Doctors and privacy advocates say a new statewide system designed to make it easier to share patient data is too open for abuse.
The Vermont Health Information Exchange (not to be confused with the state's health insurance exchange) is a state-funded system being built by Vermont Information Technology Leaders that stores patient care information such as medication lists and diagnoses. The goal of the system is to make it easier for doctors involved in a given patient’s care to learn about them.
But a new policy set to take effect this summer would make it possible for doctors not involved in a given patient’s care to view their file.

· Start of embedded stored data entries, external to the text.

lemma induced_tree_rotw:
  assumes "n > 0"
  shows "induced_tree n \<delta> s0 L (rotw n t i) = rot n (induced_tree n \<delta> s0 L t) i"
proof -
  have "rotw n (rotw n t i) (- int j) = rotw n t (- int (nat ((int j - i) mod int n)))" for j
  proof -
    have "(i + - int j) mod int n = (- ((int j - i) mod int n)) mod int n"
      by (metis minus_diff_eq mod_minus_eq uminus_add_conv_diff add.commute)
    then show ?thesis
      unfolding rotw_rotw[OF assms] using assms by (intro rotw_cong_mod) simp
  qed
  then show ?thesis
    using assms by (simp add: induced_tree_eq rot_arch_out)
qed

lemma symmetric_tree_induced:
  assumes "n > 0" and "\<forall>t \<in> lists (alph n API). \<tau> t = induced_tree n \<delta> s0 L t"
  shows "symmetric_tree n API \<tau>"
  using assms rotw_in_lists_alph induced_tree_rotw unfolding symmetric_tree_def by metis

lemma regular_treeI:
  assumes "finite (f ` lists I)"
    and "\<And>th t. th \<in> lists I \<Longrightarrow> t \<in> lists I \<Longrightarrow> \<tau> (th @ t) = G (f th) t"
  shows "regular_tree I \<tau>"
proof -
  define T where "T c = (\<lambda>t. if t \<in> lists I then G c t else undefined)" for c
  have "subtree I \<tau> th = T (f th)" if "th \<in> lists I" for th
    using assms(2)[OF that] unfolding subtree_def T_def by auto
  then have "subtree I \<tau> ` lists I \<subseteq> T ` f ` lists I" by auto
  then show ?thesis
    unfolding regular_tree_def using assms(1) finite_subset by blast
qed

lemma regular_tree_induced:
  assumes n: "n > 0" and mm: "moore_machine S (alph n API) APO \<delta> s0 L"
    and eq: "\<forall>t \<in> lists (alph n API). \<tau> t = induced_tree n \<delta> s0 L t"
  shows "regular_tree (alph n API) \<tau>"
proof -
  define C where "C th = foldl (arch_step n \<delta>) (\<lambda>_. s0) th" for th
  define f where "f th = map (C th) [0..<n]" for th
  have closed: "\<forall>s\<in>S. \<forall>x\<in>alph n API. \<delta> s x \<in> S" and "s0 \<in> S" and "finite S"
    using mm unfolding moore_machine_def by auto
  then have "C th j \<in> S" if "th \<in> lists (alph n API)" for th j
    unfolding C_def foldl_arch_step
    using foldl_closed rotw_in_lists_alph[OF n that] by metis
  then have "set (f th) \<subseteq> S" if "th \<in> lists (alph n API)" for th
    using that unfolding f_def by auto
  then have "f ` lists (alph n API) \<subseteq> {xs. set xs \<subseteq> S \<and> length xs = n}"
    by (intro image_subsetI) (simp add: f_def)
  then have "finite (f ` lists (alph n API))"
    using finite_lists_length_eq[OF \<open>finite S\<close>] finite_subset by blast
  moreover have "\<tau> (th @ t) = arch_out n L (foldl (arch_step n \<delta>) ((!) (f th)) t)"
    if "th \<in> lists (alph n API)" and "t \<in> lists (alph n API)" for th t
  proof -
    have "\<tau> (th @ t) = arch_out n L (foldl (arch_step n \<delta>) (C th) t)"
      using eq that unfolding induced_tree_def C_def by simp
    also have "\<dots> = arch_out n L (foldl (arch_step n \<delta>) ((!) (f th)) t)"
      by (rule arch_out_cong) (simp add: foldl_arch_step f_def)
    finally show ?thesis .
  qed
  ultimately show ?thesis by (rule regular_treeI)
qed

lemma symmetric_treeD:
  assumes "n > 0" and "symmetric_tree n API \<tau>" and "t \<in> lists (alph n API)"
  shows "\<tau> (rotw n t k) = rot n (\<tau> t) k"
proof -
  define i where "i = nat (k mod int n)"
  have "i < n" and i: "int i mod int n = k mod int n"
    using assms(1) unfolding i_def by (simp_all add: nat_less_iff)
  then have "\<tau> (rotw n t (int i)) = rot n (\<tau> t) (int i)"
    using assms(2,3) unfolding symmetric_tree_def by blast
  then show ?thesis using i rotw_cong_mod rot_cong_mod by metis
qed

lemma moore_machine_encode_nat:
  assumes "finite F" and "T0 \<in> F" and closed: "\<forall>T \<in> F. \<forall>x \<in> I. \<delta>' T x \<in> F"
    and "\<forall>T \<in> F. L' T \<subseteq> APO"
  shows "\<exists>S \<delta> s0 L. moore_machine S I APO \<delta> s0 L \<and>
           (\<forall>u \<in> lists I. L (foldl \<delta> s0 u) = L' (foldl \<delta>' T0 u))"
proof -
  obtain h where h: "bij_betw h {0..<card F} F"
    using ex_bij_betw_nat_finite[OF assms(1)] by blast
  define g where "g = inv_into {0..<card F} h"
  have hg: "h (g T) = T" if "T \<in> F" for T
    using that h bij_betw_inv_into_right unfolding g_def by metis
  have gS: "g T \<in> {0..<card F}" if "T \<in> F" for T
    using that h bij_betw_inv_into bij_betw_apply unfolding g_def by metis
  define \<delta> where "\<delta> s x = g (\<delta>' (h s) x)" for s x
  have run: "foldl \<delta> (g T) u = g (foldl \<delta>' T u)" if "T \<in> F" and "u \<in> lists I" for T u
    using that by (induction u arbitrary: T) (simp_all add: \<delta>_def hg closed)
  have "moore_machine {0..<card F} I APO \<delta> (g T0) (L' \<circ> h)"
    unfolding moore_machine_def \<delta>_def
    using assms gS bij_betw_apply[OF h] by auto
  moreover have "(L' \<circ> h) (foldl \<delta> (g T0) u) = L' (foldl \<delta>' T0 u)" if "u \<in> lists I" for u
    using run[OF assms(2) that] hg foldl_closed[OF closed assms(2) that] by simp
  ultimately show ?thesis by blast
qed

lemma induced_tree_if_regular_symmetric:
  assumes n: "n > 0" and out: "\<forall>t \<in> lists (alph n API). \<tau> t \<in> alph n APO"
    and reg: "regular_tree (alph n API) \<tau>" and sym: "symmetric_tree n API \<tau>"
  shows "\<exists>S \<delta> s0 L. moore_machine S (alph n API) APO \<delta> s0 L \<and>
           (\<forall>t \<in> lists (alph n API). \<tau> t = induced_tree n \<delta> s0 L t)"
proof -
  define I where "I = alph n API"
  define F where "F = subtree I \<tau> ` lists I"
  define \<delta>' where "\<delta>' T x = (\<lambda>t. if t \<in> lists I then T (x # t) else undefined)"
    for T :: "('a \<times> nat) set list \<Rightarrow> ('b \<times> nat) set" and x
  define L' where "L' T = {q. (q, 0) \<in> T []}" for T :: "('a \<times> nat) set list \<Rightarrow> ('b \<times> nat) set"
  have run: "u \<in> lists I \<Longrightarrow> foldl \<delta>' (subtree I \<tau> th) u = subtree I \<tau> (th @ u)" for th u
  proof (induction u arbitrary: th)
    case (Cons x u)
    then have "\<delta>' (subtree I \<tau> th) x = subtree I \<tau> (th @ [x])"
      unfolding \<delta>'_def subtree_def by (simp add: fun_eq_iff)
    then show ?case using Cons by simp
  qed simp
  have "\<forall>T \<in> F. \<forall>x \<in> I. \<delta>' T x \<in> F"
    unfolding F_def using run[of "[_]"] by (auto intro: rev_image_eqI)
  moreover have "\<forall>T \<in> F. L' T \<subseteq> APO"
    using out unfolding F_def L'_def subtree_def I_def alph_def by auto
  moreover have "finite F" and "subtree I \<tau> [] \<in> F"
    using reg unfolding F_def regular_tree_def I_def by auto
  ultimately obtain S \<delta> s0 L where mm: "moore_machine S I APO \<delta> s0 L"
    and L: "\<And>u. u \<in> lists I \<Longrightarrow> L (foldl \<delta> s0 u) = L' (subtree I \<tau> u)"
    using moore_machine_encode_nat[of F "subtree I \<tau> []" I \<delta>' L' APO] run[of _ "[]"] by auto
  have "\<tau> t = induced_tree n \<delta> s0 L t" if t: "t \<in> lists I" for t
  proof -
    have "\<tau> t \<in> alph n APO" using out t unfolding I_def by blast
    then have snd: "snd ` \<tau> t \<subseteq> {..<n}" unfolding alph_def by auto
    have "L (foldl \<delta> s0 (rotw n t (- int j))) = {q. (q, j) \<in> \<tau> t}" if "j < n" for j
    proof -
      have "rotw n t (- int j) \<in> lists I"
        using rotw_in_lists_alph[OF n] t unfolding I_def by blast
      then have "L (foldl \<delta> s0 (rotw n t (- int j))) = {q. (q, 0) \<in> \<tau> (rotw n t (- int j))}"
        by (simp add: L L'_def subtree_def)
      also have "\<dots> = {q. (q, 0) \<in> rot n (\<tau> t) (- int j)}"
        using symmetric_treeD[OF n sym] t unfolding I_def by simp
      finally show ?thesis using that n by (simp add: mem_rot_iff[OF n snd])
    qed
    then show ?thesis
      using snd by (auto simp: induced_tree_eq mem_arch_out)
  qed
  then show ?thesis using mm unfolding I_def by blast
qed

theorem lemma5:
  fixes n :: nat and API :: "'a set" and APO :: "'b set"
    and \<tau> :: "('a \<times> nat) set list \<Rightarrow> ('b \<times> nat) set"
  assumes "n \<ge> 1" and "finite API" and "finite APO"
    and "\<forall>t \<in> lists (alph n API). \<tau> t \<in> alph n APO"
  shows "(regular_tree (alph n API) \<tau> \<and> symmetric_tree n API \<tau>) \<longleftrightarrow>
         (\<exists>S \<delta> s0 L. moore_machine S (alph n API) APO \<delta> s0 L \<and>
            (\<forall>t \<in> lists (alph n API). \<tau> t = induced_tree n \<delta> s0 L t))"
proof -
  have n: "n > 0" using assms(1) by simp
  show ?thesis (is "?tree \<longleftrightarrow> ?machine")
  proof
    assume ?tree
    then show ?machine
      using induced_tree_if_regular_symmetric[OF n assms(4)] by blast
  next
    assume ?machine
    then show ?tree
      by (elim exE conjE) (blast intro: regular_tree_induced[OF n] symmetric_tree_induced[OF n])
  qed
qed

The “global consent” policy will make it so that once a patient signs the form authorizing a release of their file, any doctor’s office connected to the system will have access to that record.
“If you sign it for anybody to get it, everybody can get it,” said John Matthew, a doctor at The Health Center in Plainfield.
Matthew said he isn’t comfortable with the idea of recommending the new policy to his patients, but the company that designed the policy and the regulators tasked with overseeing it both say it is safe for patients.
The other benefit, said John Evans, the CEO of Vermont Information Technology Leaders, is that it reduces the number of forms patients have to sign at doctors’ offices.
“All the health care providers involved in their care would have access to the clinical information needed to care for them and reduce the burden of the patient of needing to make that designation visiting each provider involved in their care,” Evans said.
With a technological tracking system that keeps tabs on who is viewing which record, Evans said the new system is even more secure than the old system of paper records in a file drawer.
Concerns with the global consent policy, which was approved by the Green Mountain Care Board earlier this year, stem from the fact that there is very little stopping doctors and their staffs from viewing records of any patient.
Allen Gilbert is the executive director of the Vermont chapter of the American Civil Liberties Union. He said he won’t be signing the global consent form.
“The only thing stopping somebody from unauthorized access of a record is some words from an agreement you’ll supposedly sign when you get employed at a practice that you will not access a record unless you’re authorized to do so,” he said.
The same is true of paper records, of course, and Evans says the health information exchange’s audit system makes it even more accountable than those.
But unlike paper records, which are only entrusted to the patient’s provider and clinic staff, records on the state information exchange can be accessed by any provider or staff connected to the system. Anyone logging into the system must actively agree that they are viewing the records only to provide care, but once they do so, they technically have access to the file of any patient who has signed the global consent form.
“I’ve not been reassured,” says Matthew, “that the system would protect my patients’ information to the extent that I think it should be protected. That’s the bottom line.”
With or without Matthew’s and Gilbert’s trust, the system is set to go live this summer once the Green Mountain Care Board’s conditions of approval are met.
Al Gobeille, the chairman of the Green Mountain Care Board, said he voted to approve the global consent policy because in his view, the global consent policy will allow the system to better streamline care without compromising privacy.
“When I voted, what I was voting for was the belief that a global opt-in where a patient is educated, knowledgeable about the document they’re signing and that they’re giving caregivers the right to look at their medical records – that that is a high enough burden to meet federal law and to meet the state’s intent to protect the patient’s rights,” he said.
Gobeille said that even after the global consent policy goes into effect, debate over privacy versus the convenience and cost control in Vermont’s health care system isn’t likely to go away.
“These are the big decisions we have to make as we balance the need for integration and really good care,” he said, “and how do we guarantee privacy. What you’re hearing in anyone who’s got feelings on the subtleties of the issue or a big divide over the issue, you’re hearing the passion of those two things rubbing up against each other.”